_PROBLEM DESCRIPTION_:
Only the lines below from the one containing "over the colours, with" to the one containing "traversing an edge" should be repeated, both included and unchanged.

Segment Start: MATERIAL PROVIDED

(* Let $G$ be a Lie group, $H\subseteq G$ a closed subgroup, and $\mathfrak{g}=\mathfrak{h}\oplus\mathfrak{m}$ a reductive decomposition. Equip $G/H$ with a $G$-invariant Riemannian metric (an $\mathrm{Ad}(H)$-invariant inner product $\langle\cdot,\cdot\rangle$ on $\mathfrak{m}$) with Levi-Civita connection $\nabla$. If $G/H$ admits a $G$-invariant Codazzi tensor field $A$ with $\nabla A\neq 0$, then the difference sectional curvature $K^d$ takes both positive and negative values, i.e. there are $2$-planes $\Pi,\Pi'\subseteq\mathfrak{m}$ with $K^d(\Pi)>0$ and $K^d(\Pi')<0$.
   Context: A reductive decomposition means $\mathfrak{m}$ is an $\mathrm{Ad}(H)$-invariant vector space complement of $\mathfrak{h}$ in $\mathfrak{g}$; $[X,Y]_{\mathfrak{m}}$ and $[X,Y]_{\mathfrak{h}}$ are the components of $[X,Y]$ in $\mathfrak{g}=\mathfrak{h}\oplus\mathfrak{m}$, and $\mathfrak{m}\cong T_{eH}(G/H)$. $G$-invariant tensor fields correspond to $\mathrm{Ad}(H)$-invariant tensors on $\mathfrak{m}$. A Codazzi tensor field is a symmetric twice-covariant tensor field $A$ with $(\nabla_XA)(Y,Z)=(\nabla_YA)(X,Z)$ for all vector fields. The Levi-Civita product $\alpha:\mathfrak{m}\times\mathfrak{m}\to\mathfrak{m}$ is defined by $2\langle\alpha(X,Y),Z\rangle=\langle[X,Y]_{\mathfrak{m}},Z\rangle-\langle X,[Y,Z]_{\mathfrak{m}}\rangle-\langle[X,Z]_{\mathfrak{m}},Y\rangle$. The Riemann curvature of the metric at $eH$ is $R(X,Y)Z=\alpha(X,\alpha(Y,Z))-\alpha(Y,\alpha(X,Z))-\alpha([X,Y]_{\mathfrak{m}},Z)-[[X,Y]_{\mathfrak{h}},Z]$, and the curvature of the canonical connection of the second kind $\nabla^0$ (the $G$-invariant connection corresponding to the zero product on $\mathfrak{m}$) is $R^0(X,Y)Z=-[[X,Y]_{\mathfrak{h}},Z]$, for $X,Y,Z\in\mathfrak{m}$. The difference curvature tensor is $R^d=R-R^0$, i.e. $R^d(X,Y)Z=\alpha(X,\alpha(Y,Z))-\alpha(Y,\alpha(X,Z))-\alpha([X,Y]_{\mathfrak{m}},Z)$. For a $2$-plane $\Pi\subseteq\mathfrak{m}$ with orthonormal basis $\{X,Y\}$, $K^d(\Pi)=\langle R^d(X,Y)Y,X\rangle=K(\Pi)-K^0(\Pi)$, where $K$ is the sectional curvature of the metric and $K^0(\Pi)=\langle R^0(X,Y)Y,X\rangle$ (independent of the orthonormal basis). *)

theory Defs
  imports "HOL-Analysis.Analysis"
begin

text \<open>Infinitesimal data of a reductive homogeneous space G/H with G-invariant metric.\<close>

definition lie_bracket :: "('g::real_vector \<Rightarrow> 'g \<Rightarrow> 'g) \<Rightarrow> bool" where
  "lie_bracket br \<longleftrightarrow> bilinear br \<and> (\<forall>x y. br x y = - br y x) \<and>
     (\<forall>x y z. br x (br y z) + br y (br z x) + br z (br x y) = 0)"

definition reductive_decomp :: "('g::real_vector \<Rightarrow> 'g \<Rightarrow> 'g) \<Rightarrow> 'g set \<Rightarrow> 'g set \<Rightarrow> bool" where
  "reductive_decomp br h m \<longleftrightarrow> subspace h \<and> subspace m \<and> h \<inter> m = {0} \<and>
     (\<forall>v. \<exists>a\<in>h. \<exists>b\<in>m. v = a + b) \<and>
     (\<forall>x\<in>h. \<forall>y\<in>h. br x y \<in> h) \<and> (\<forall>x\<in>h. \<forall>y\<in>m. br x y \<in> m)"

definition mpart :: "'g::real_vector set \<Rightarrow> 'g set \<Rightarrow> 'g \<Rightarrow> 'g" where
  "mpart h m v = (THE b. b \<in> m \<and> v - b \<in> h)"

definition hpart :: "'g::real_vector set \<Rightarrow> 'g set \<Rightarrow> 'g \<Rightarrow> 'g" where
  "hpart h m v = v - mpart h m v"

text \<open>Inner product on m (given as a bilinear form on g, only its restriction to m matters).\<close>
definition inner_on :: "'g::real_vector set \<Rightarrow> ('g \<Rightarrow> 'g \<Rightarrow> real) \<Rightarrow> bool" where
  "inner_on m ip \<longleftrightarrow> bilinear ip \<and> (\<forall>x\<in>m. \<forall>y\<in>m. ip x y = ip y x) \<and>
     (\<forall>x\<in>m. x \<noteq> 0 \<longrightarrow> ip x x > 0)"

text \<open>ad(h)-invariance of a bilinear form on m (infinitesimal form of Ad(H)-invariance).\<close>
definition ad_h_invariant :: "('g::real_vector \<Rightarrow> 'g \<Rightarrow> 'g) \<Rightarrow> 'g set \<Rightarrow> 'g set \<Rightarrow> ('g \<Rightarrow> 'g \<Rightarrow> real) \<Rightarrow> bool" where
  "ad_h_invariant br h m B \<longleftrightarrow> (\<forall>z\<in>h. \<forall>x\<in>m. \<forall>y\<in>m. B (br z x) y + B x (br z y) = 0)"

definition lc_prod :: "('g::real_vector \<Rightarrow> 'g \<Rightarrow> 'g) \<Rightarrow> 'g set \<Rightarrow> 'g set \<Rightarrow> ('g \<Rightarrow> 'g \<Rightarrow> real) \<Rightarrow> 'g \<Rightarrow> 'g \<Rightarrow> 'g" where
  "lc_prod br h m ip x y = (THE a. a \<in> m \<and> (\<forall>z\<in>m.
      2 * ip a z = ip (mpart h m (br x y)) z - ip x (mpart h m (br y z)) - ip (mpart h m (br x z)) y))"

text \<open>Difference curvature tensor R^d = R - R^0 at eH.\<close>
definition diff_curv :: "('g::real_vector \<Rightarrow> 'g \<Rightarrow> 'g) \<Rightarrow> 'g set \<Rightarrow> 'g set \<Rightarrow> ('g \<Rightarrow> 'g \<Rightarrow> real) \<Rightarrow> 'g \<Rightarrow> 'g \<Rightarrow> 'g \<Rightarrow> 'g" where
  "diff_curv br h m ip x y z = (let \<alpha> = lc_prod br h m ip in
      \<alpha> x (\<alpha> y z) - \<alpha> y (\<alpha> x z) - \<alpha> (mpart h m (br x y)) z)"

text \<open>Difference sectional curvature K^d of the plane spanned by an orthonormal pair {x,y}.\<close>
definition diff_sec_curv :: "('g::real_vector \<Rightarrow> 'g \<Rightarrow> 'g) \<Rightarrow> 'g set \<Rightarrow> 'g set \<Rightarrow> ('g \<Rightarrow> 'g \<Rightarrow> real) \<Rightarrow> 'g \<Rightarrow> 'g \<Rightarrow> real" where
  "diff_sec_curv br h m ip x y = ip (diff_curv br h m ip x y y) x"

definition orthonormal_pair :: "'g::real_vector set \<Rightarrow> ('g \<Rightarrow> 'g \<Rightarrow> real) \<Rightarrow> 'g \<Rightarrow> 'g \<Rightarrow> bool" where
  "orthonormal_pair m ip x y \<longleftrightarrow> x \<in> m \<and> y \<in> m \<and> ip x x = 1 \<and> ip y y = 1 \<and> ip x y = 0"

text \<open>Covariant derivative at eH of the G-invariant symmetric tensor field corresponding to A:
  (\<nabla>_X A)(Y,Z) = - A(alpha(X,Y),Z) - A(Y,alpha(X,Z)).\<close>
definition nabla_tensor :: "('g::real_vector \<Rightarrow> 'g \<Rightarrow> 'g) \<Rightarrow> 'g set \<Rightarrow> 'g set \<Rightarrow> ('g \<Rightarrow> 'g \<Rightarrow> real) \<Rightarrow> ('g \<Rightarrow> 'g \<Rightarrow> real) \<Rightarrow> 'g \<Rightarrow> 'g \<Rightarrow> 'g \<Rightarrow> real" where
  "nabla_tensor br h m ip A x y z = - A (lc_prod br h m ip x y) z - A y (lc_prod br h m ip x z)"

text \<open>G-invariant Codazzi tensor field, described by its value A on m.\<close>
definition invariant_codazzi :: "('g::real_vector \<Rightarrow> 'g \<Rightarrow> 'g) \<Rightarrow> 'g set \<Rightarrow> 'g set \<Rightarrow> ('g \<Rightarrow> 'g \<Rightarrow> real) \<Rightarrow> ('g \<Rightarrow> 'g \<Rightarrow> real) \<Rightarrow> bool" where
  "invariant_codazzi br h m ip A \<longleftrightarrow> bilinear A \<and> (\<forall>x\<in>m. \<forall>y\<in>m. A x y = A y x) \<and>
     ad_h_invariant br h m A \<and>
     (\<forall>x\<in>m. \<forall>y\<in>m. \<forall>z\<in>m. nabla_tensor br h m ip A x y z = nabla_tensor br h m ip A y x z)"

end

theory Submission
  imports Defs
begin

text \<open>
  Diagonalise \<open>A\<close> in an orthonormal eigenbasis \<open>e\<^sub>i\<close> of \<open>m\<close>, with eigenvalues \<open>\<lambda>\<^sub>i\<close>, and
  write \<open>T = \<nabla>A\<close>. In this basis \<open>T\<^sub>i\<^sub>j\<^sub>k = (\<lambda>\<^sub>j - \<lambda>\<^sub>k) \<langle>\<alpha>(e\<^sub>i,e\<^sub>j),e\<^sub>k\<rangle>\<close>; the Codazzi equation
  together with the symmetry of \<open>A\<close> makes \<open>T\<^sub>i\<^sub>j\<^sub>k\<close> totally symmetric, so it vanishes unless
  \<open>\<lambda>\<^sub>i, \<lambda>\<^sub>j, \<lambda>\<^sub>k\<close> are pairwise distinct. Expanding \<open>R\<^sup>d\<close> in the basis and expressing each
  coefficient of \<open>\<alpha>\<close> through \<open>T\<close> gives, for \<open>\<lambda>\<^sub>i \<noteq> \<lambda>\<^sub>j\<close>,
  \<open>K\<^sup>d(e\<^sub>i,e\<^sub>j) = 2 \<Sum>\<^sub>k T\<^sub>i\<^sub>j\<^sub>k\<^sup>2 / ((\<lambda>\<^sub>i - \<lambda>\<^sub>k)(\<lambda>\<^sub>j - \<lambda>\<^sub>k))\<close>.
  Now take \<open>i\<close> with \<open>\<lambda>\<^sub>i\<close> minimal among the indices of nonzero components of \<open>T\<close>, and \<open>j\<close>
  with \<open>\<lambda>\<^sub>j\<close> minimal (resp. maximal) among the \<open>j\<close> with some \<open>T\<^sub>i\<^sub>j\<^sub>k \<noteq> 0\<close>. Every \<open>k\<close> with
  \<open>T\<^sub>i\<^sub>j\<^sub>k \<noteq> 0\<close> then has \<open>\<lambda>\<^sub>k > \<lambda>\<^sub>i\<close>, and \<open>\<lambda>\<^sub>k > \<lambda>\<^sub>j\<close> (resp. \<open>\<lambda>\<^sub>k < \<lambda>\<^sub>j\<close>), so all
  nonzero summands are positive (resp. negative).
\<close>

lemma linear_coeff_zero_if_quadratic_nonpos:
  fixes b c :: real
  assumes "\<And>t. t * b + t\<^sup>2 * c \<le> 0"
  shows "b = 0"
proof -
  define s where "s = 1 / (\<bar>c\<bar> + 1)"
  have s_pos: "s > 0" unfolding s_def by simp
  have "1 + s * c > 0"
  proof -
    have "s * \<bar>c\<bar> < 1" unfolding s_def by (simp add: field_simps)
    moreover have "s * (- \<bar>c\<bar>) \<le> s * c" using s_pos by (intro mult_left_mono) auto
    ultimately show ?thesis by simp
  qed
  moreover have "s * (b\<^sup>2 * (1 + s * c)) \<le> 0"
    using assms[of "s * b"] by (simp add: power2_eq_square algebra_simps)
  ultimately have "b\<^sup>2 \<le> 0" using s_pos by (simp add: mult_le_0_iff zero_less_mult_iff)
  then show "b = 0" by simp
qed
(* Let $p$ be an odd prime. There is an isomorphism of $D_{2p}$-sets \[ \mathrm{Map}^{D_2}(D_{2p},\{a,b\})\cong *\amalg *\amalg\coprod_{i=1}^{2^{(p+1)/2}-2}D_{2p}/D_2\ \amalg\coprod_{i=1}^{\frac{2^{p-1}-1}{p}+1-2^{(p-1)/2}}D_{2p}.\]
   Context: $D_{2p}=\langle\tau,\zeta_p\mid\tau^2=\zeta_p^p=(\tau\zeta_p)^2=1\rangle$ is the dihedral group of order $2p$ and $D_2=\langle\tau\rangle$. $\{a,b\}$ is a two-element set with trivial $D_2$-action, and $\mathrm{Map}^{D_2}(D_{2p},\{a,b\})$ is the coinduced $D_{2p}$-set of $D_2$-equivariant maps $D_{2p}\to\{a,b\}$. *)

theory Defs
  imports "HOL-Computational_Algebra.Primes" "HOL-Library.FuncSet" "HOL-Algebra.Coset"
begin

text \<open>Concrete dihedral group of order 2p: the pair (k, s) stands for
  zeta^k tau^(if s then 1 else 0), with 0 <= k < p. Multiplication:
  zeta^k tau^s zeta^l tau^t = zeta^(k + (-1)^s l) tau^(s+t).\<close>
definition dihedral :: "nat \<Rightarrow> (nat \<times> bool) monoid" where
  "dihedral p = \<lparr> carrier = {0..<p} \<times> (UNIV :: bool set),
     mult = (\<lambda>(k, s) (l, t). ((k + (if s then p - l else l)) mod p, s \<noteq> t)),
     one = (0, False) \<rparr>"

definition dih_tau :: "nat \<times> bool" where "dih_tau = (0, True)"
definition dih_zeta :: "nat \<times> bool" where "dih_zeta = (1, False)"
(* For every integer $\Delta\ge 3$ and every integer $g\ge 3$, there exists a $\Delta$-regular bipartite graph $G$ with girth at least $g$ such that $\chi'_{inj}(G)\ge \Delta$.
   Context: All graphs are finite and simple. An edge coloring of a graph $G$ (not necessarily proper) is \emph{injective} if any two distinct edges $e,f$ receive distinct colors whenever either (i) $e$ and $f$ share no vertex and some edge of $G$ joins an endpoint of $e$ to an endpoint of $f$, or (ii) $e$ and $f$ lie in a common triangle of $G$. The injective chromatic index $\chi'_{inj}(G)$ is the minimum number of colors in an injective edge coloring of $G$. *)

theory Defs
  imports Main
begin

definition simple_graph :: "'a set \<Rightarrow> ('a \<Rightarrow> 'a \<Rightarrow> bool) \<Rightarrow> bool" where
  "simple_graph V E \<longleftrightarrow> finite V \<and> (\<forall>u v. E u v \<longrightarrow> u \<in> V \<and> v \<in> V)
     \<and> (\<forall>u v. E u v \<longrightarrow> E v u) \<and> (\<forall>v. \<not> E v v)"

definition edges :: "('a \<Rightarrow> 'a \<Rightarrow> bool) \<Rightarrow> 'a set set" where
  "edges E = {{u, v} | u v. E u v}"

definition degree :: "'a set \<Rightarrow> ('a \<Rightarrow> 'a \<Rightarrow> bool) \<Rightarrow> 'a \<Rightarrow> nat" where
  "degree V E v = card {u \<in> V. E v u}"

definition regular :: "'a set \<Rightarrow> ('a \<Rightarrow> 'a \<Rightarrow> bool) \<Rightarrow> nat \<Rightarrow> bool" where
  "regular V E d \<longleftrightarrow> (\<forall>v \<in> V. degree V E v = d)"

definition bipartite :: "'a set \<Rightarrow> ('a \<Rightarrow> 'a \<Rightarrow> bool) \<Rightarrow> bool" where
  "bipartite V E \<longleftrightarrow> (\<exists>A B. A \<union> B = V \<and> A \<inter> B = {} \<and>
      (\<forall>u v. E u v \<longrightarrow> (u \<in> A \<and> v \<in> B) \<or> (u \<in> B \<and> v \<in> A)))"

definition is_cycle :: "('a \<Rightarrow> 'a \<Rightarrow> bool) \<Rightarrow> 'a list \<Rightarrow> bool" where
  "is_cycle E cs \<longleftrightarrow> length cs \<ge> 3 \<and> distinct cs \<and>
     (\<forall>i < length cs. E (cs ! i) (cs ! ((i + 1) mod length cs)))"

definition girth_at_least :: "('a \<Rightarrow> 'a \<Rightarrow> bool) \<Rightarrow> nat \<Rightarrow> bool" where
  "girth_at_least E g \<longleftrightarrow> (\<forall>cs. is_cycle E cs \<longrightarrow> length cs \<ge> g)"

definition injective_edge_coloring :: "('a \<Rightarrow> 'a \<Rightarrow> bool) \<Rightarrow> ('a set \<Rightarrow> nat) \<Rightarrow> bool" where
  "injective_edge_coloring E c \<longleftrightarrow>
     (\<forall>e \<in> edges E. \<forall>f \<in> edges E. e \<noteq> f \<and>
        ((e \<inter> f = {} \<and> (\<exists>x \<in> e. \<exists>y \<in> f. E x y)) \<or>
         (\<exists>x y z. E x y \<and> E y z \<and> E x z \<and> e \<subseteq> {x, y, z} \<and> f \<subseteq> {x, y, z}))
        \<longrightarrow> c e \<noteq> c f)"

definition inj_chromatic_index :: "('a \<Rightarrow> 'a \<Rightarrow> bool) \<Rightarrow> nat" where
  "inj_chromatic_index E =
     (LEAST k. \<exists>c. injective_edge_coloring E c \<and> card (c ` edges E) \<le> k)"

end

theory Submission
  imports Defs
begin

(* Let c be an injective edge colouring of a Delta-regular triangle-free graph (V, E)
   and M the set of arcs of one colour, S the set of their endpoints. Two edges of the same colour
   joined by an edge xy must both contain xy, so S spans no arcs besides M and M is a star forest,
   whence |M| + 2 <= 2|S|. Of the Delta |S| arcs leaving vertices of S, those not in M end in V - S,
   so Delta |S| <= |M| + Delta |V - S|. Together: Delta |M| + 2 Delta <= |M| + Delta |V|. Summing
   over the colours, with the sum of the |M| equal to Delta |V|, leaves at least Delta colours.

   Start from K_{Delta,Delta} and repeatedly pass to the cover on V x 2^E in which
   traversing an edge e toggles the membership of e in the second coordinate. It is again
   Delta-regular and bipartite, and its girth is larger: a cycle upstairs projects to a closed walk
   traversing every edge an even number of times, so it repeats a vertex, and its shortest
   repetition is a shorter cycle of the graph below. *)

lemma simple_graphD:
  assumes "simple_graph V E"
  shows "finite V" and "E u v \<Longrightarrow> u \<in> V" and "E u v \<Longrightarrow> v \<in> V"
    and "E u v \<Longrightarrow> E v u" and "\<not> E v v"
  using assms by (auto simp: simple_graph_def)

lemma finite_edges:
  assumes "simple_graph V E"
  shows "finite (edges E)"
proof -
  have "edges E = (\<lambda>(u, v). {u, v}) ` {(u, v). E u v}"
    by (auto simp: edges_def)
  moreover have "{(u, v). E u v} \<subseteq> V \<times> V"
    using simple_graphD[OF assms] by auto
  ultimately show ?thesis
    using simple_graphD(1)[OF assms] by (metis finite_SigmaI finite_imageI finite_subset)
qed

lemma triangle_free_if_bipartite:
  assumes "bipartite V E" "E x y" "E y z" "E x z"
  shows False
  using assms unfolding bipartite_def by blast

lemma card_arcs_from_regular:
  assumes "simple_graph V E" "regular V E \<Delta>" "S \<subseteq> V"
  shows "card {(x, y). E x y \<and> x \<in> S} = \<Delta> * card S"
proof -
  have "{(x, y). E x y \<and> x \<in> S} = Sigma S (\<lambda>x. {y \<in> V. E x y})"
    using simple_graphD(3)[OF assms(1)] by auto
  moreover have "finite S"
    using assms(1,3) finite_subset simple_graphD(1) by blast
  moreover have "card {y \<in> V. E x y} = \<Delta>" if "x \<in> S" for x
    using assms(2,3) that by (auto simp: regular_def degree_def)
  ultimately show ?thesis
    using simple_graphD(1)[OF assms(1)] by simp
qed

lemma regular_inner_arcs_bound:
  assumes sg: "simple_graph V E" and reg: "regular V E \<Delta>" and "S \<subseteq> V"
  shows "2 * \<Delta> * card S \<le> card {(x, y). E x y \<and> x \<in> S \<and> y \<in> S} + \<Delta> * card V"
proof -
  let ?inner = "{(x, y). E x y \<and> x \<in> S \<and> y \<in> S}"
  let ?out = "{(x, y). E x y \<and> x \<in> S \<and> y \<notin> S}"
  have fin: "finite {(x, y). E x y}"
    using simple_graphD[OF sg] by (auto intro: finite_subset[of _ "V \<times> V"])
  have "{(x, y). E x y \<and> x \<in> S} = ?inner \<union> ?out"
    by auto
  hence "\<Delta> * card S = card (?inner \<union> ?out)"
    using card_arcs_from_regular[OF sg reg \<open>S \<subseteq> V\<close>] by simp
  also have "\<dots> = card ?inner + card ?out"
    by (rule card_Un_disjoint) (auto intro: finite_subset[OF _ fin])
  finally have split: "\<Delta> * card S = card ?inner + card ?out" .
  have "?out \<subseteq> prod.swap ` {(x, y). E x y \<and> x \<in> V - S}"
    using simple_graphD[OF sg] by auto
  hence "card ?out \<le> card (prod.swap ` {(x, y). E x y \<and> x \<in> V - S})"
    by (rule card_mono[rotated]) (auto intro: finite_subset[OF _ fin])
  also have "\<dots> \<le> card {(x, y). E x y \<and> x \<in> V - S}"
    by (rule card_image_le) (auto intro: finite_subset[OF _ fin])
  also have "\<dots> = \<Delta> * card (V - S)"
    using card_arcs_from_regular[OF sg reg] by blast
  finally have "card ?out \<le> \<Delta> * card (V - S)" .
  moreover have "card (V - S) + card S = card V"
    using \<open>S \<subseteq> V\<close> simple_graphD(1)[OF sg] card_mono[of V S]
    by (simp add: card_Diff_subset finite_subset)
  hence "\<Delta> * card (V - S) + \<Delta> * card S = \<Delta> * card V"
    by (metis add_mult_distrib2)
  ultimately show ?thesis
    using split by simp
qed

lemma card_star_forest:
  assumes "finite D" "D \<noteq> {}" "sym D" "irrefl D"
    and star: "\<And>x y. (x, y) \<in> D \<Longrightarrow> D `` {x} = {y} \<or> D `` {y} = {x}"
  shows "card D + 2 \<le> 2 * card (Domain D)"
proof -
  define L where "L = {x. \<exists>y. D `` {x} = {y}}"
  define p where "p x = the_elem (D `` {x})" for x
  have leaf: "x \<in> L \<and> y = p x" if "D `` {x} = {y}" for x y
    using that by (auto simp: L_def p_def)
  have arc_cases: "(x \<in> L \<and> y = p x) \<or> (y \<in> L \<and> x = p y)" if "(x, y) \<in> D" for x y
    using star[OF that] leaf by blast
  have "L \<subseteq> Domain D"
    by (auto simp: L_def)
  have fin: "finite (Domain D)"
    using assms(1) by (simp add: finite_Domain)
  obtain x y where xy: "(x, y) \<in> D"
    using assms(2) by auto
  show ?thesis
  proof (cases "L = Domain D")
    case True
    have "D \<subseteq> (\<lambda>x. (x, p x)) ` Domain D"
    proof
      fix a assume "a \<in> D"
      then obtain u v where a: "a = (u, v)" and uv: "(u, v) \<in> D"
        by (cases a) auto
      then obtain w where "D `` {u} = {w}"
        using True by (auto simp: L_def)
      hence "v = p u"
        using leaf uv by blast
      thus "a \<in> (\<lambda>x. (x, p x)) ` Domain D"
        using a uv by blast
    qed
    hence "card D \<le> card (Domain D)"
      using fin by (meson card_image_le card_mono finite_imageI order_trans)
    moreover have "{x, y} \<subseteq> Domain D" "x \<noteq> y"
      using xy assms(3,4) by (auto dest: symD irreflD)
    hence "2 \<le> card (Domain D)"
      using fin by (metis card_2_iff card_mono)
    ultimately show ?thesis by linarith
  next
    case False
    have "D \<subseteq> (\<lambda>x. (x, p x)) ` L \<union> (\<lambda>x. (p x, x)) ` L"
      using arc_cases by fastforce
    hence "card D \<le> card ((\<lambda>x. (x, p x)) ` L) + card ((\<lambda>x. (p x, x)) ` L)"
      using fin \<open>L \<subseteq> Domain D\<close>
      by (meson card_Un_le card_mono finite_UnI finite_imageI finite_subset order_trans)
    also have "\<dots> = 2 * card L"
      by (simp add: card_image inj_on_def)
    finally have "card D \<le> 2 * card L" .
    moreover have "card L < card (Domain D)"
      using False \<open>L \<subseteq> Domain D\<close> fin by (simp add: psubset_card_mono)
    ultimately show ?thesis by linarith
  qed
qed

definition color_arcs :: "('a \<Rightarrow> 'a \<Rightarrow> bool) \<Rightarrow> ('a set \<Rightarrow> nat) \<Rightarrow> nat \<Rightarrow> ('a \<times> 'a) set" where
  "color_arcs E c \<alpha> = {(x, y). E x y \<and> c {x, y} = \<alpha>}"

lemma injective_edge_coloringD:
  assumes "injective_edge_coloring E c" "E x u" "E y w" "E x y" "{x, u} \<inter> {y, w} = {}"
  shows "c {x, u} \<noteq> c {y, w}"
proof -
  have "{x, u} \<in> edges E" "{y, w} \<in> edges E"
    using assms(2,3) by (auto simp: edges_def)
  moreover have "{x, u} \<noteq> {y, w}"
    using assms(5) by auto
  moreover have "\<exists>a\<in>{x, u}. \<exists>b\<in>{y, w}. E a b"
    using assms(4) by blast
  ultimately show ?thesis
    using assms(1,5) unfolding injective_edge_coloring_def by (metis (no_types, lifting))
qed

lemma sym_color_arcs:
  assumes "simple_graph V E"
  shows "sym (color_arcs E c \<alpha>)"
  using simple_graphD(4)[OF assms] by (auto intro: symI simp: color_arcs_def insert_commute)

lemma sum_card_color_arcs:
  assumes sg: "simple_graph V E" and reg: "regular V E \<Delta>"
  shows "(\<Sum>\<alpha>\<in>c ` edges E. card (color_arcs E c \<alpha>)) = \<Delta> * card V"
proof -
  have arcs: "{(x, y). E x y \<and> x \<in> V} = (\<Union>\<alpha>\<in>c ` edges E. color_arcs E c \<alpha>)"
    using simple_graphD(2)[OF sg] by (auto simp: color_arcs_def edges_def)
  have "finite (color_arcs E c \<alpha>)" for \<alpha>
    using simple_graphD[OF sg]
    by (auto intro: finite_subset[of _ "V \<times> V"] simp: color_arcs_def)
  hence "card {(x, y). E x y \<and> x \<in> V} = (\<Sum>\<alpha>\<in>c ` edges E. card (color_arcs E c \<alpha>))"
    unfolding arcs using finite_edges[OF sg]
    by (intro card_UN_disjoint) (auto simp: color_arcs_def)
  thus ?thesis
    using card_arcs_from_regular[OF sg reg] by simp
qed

Segment End: MATERIAL PROVIDED

_ANSWER FOR THIS EXERCISE_:
   over the colours, with the sum of the |M| equal to Delta |V|, leaves at least Delta colours.

   Start from K_{Delta,Delta} and repeatedly pass to the cover on V x 2^E in which
   traversing an edge e toggles the membership of e in the second coordinate. It is again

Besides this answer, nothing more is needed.